■ Task requirements:
Go to the line holding "Conversely every leash" in the entries below and write out exactly every line down to and including the line holding "a_k by at most".

---

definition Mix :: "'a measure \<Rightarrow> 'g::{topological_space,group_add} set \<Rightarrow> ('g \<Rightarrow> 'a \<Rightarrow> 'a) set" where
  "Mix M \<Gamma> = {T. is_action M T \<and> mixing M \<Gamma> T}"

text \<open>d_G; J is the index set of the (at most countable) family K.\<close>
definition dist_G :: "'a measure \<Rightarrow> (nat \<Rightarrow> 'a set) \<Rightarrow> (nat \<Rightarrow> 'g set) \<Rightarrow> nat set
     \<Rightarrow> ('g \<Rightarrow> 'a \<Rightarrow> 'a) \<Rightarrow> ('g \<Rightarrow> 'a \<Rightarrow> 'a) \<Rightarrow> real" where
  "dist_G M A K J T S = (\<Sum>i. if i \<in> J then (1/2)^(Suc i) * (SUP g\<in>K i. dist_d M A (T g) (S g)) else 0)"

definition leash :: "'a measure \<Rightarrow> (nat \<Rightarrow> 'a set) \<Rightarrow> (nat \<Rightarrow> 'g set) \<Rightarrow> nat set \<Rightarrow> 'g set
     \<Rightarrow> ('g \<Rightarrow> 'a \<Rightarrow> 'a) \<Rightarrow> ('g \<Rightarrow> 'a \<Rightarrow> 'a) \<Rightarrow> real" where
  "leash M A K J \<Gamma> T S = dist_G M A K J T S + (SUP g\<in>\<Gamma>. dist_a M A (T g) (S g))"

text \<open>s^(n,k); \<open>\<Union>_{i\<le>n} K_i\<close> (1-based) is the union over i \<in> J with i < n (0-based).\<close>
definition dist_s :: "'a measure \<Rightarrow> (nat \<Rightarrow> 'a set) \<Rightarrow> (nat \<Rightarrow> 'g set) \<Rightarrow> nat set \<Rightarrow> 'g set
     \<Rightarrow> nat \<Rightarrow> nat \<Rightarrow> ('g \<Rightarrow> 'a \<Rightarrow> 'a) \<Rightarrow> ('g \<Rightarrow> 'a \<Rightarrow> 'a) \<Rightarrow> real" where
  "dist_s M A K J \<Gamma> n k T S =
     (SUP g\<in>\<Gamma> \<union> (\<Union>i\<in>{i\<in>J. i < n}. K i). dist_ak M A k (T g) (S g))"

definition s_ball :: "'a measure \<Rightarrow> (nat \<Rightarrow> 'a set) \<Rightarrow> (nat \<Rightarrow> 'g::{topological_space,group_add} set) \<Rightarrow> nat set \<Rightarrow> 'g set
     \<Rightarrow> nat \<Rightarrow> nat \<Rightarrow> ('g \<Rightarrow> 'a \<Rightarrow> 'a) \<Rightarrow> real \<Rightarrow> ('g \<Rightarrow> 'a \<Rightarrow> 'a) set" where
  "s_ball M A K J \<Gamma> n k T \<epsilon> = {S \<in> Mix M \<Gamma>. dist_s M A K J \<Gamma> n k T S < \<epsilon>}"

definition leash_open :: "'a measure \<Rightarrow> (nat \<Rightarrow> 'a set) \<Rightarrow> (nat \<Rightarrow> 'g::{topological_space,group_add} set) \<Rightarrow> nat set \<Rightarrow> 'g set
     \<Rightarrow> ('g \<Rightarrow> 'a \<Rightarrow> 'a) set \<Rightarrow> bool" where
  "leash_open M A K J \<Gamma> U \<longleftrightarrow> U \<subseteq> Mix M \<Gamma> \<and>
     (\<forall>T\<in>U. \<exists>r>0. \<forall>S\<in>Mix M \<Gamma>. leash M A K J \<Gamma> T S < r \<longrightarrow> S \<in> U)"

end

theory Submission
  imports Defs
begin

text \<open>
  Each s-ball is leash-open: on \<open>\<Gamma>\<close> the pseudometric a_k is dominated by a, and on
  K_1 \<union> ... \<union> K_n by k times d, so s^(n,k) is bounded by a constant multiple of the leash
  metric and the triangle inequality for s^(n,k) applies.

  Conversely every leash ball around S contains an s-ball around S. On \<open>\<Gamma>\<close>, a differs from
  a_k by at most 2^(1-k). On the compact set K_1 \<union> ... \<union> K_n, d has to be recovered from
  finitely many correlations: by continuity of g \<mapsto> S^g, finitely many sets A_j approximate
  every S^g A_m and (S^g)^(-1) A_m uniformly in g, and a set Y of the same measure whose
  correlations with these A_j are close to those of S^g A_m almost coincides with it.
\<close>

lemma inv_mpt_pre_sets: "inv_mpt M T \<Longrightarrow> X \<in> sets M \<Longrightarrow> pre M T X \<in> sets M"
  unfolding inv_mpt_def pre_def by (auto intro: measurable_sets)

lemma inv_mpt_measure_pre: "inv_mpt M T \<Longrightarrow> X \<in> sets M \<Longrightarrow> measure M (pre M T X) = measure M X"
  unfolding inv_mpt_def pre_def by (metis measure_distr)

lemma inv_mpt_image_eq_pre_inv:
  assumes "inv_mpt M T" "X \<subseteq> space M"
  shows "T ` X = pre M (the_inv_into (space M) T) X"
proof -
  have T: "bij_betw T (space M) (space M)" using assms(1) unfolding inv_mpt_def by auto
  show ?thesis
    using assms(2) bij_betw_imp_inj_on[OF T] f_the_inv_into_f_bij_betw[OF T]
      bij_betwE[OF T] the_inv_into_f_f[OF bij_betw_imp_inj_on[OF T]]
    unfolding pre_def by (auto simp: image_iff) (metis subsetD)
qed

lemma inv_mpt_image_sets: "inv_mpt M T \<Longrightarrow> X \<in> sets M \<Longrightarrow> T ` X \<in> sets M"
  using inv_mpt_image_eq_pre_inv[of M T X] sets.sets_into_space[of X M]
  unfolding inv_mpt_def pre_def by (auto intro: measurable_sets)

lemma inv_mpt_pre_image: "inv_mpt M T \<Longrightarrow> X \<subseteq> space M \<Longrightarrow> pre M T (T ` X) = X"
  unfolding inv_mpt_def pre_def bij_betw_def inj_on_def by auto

---

■ Task result:
  Conversely every leash ball around S contains an s-ball around S. On \<open>\<Gamma>\<close>, a differs from
  a_k by at most 2^(1-k). On the compact set K_1 \<union> ... \<union> K_n, d has to be recovered from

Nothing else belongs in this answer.